3. **Quantile Loss**:
   $$
   \text{Quantile Loss} = \sum_{i=1}^{n} \left( \tau (y_i - \hat{y}_i)^+ + (1-\tau) (\hat{y}_i - y_i)^+ \right)
   $$
   - Used in quantile regression to predict the quantiles (e.g., median) of the target variable.

### For Classification:
1. **Hinge Loss (for Support Vector Machines)**:
   $$
   \text{Hinge Loss} = \frac{1}{n} \sum_{i=1}^{n} \max(0, 1 - y_i \cdot \hat{y}_i)
   $$
   - Used for training SVMs, focusing on correctly classifying samples with a margin.

2. **Kullback-Leibler Divergence (KL Divergence)**:
   $$
   \text{KL}(P || Q) = \sum_{i} P(i) \log \left( \frac{P(i)}{Q(i)} \right)
   $$
   - Measures how one probability distribution diverges from a second, expected probability distribution.

3. **Focal Loss**:
   $$
   \text{Focal Loss} = -\sum_{i=1}^{n} (1 - \hat{p}_{i})^\gamma \log(\hat{p}_{i})
   $$
   - Used to address class imbalance by focusing on hard-to-classify examples.

4. **Cosine Similarity Loss**:
   $$
   \text{Cosine Similarity Loss} = 1 - \cos(\theta) = 1 - \frac{A \cdot B}{\|A\| \|B\|}
   $$
   - Measures the cosine of the angle between two vectors, used in tasks like text similarity.

### For Sequence Models and Others:
1. **Connectionist Temporal Classification (CTC) Loss**:
   $$
   \text{CTC Loss} = -\log P(y|x)
   $$
   - Used in sequence modeling tasks where the alignment between input and output sequences is unknown (e.g., speech recognition).

2. **Earth Mover's Distance (Wasserstein Loss)**:
   $$
   W(p, q) = \inf_{\gamma \in \Pi(p, q)} \mathbb{E}_{(x,y) \sim \gamma} [ \|x - y\| ]
   $$
   - Measures the minimum cost of transforming one distribution into another, useful in generative models.

### For Ranking Problems:
1. **Pairwise Ranking Loss**:
  $$
   L = \sum_{i, j} \max(0, 1 - (s_i - s_j))
   $$
   - Used in ranking tasks where the goal is to order items correctly.

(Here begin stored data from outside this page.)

theorem lemma5:
  fixes n :: nat and \<Delta> :: "nat \<Rightarrow> nat \<Rightarrow> real^'d^'d" and S :: "nat \<Rightarrow> real^'p^'d"
    and \<delta> :: real
  assumes n: "n \<ge> 1"
    and p: "CARD('p) > CARD('d)"
    and sym: "\<forall>i<n. \<forall>j<n. \<Delta> j i = transpose (\<Delta> i j)"
    and diag: "\<forall>i<n. \<Delta> i i = 0"
    and \<delta>: "\<delta> > 0"
    and orth: "\<forall>i<n. S i ** transpose (S i) = mat 1"
    and crit: "second_order_critical n \<Delta> S"
    and close: "dF n S \<le> \<delta> * sqrt (real CARD('d) / real n) * blk_opnorm n \<Delta>"
  shows "(\<forall>i<n. lambda_min (Lam n \<Delta> S i) \<ge>
            real n - \<delta>\<^sup>2 * real CARD('d) * (blk_opnorm n \<Delta>)\<^sup>2 / (2 * real n)
            - Max ((\<lambda>k. opnorm (\<Sum>j\<in>{..<n} - {k}. \<Delta> k j ** S j)) ` {..<n}))
       \<and> Max ((\<lambda>i. opnorm (\<Sum>j\<in>{..<n} - {i}. \<Delta> i j ** S j)) ` {..<n})
          \<le> \<delta> * sqrt (real CARD('d) / real n) * blk_opnorm n \<Delta>
               * Max ((\<lambda>i. col_opnorm n \<Delta> i) ` {..<n})
            + Max ((\<lambda>i. opnorm (\<Sum>j<n. \<Delta> i j)) ` {..<n})"
proof -
  let ?B = "\<delta> * sqrt (real CARD('d) / real n) * blk_opnorm n \<Delta>"
  let ?W = "\<lambda>i. opnorm (\<Sum>j\<in>{..<n} - {i}. \<Delta> i j ** S j)"
  let ?C = "Max ((\<lambda>i. col_opnorm n \<Delta> i) ` {..<n})"
  let ?R = "Max ((\<lambda>i. opnorm (\<Sum>j<n. \<Delta> i j)) ` {..<n})"
  have W: "?W i = opnorm (\<Sum>j<n. \<Delta> i j ** S j)" if "i < n" for i
    using that diag by (simp add: sum.remove[of "{..<n}" i])
  have dF: "0 \<le> dF n S" using p by (intro dF_nonneg) simp
  have "(dF n S)\<^sup>2 / 2 \<le> \<delta>\<^sup>2 * real CARD('d) * (blk_opnorm n \<Delta>)\<^sup>2 / (2 * real n)"
    using power_mono[OF close dF, of 2]
    by (simp add: power_mult_distrib real_sqrt_pow2 divide_nonneg_nonneg)
  moreover have "?W i \<le> Max (?W ` {..<n})" if "i < n" for i
    using that by (intro Max_ge) auto
  ultimately have part1: "\<forall>i<n. lambda_min (Lam n \<Delta> S i) \<ge>
      real n - \<delta>\<^sup>2 * real CARD('d) * (blk_opnorm n \<Delta>)\<^sup>2 / (2 * real n) - Max (?W ` {..<n})"
    using lambda_min_Lam_ge[OF _ p sym _ orth crit] W diag by (smt (verit))
  have "?W i \<le> ?B * ?C + ?R" if i: "i < n" for i
  proof -
    have "opnorm (\<Sum>j<n. \<Delta> i j ** S j) \<le> col_opnorm n \<Delta> i * dF n S + opnorm (\<Sum>j<n. \<Delta> i j)"
      using p sym i by (intro opnorm_block_row_mult_le_dF) (simp, blast)
    moreover have "col_opnorm n \<Delta> i * dF n S \<le> ?C * ?B"
      using i close dF col_opnorm_nonneg by (intro mult_mono' Max_ge) auto
    moreover have "opnorm (\<Sum>j<n. \<Delta> i j) \<le> ?R"
      using i by (intro Max_ge) auto
    ultimately show ?thesis
      using W[OF i] by (smt (verit) mult.commute)
  qed
  then have "Max (?W ` {..<n}) \<le> ?B * ?C + ?R"
    using n by (subst Max_le_iff) (auto simp: lessThan_empty_iff)
  with part1 show ?thesis by blast
qed

end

2. **Listwise Loss (e.g., ListNet)**:
   $$
   L = - \sum_{i} P(y_i) \log(Q(y_i))
  $$
   - Used in learning to rank tasks, considering the entire list of items.

### Regularization Terms:
While not objective functions by themselves, regularization terms are often added to objective functions to prevent overfitting:

1. **L1 Regularization (Lasso)**:
   $$
   \text{L1} = \lambda \sum_{j=1}^{p} |w_j|
   $$
   - Encourages sparsity in the model parameters.

2. **L2 Regularization (Ridge)**:
   $$
   \text{L2} = \lambda \sum_{j=1}^{p} w_j^2
   $$
   - Encourages smaller model parameters, leading to simpler models.

### Conclusion:
The choice of objective function depends on the specific characteristics of the problem being solved, the type of data, and the desired properties of the solution. The objective functions mentioned above are just some of the many options available, each suited to different types of tasks and model requirements.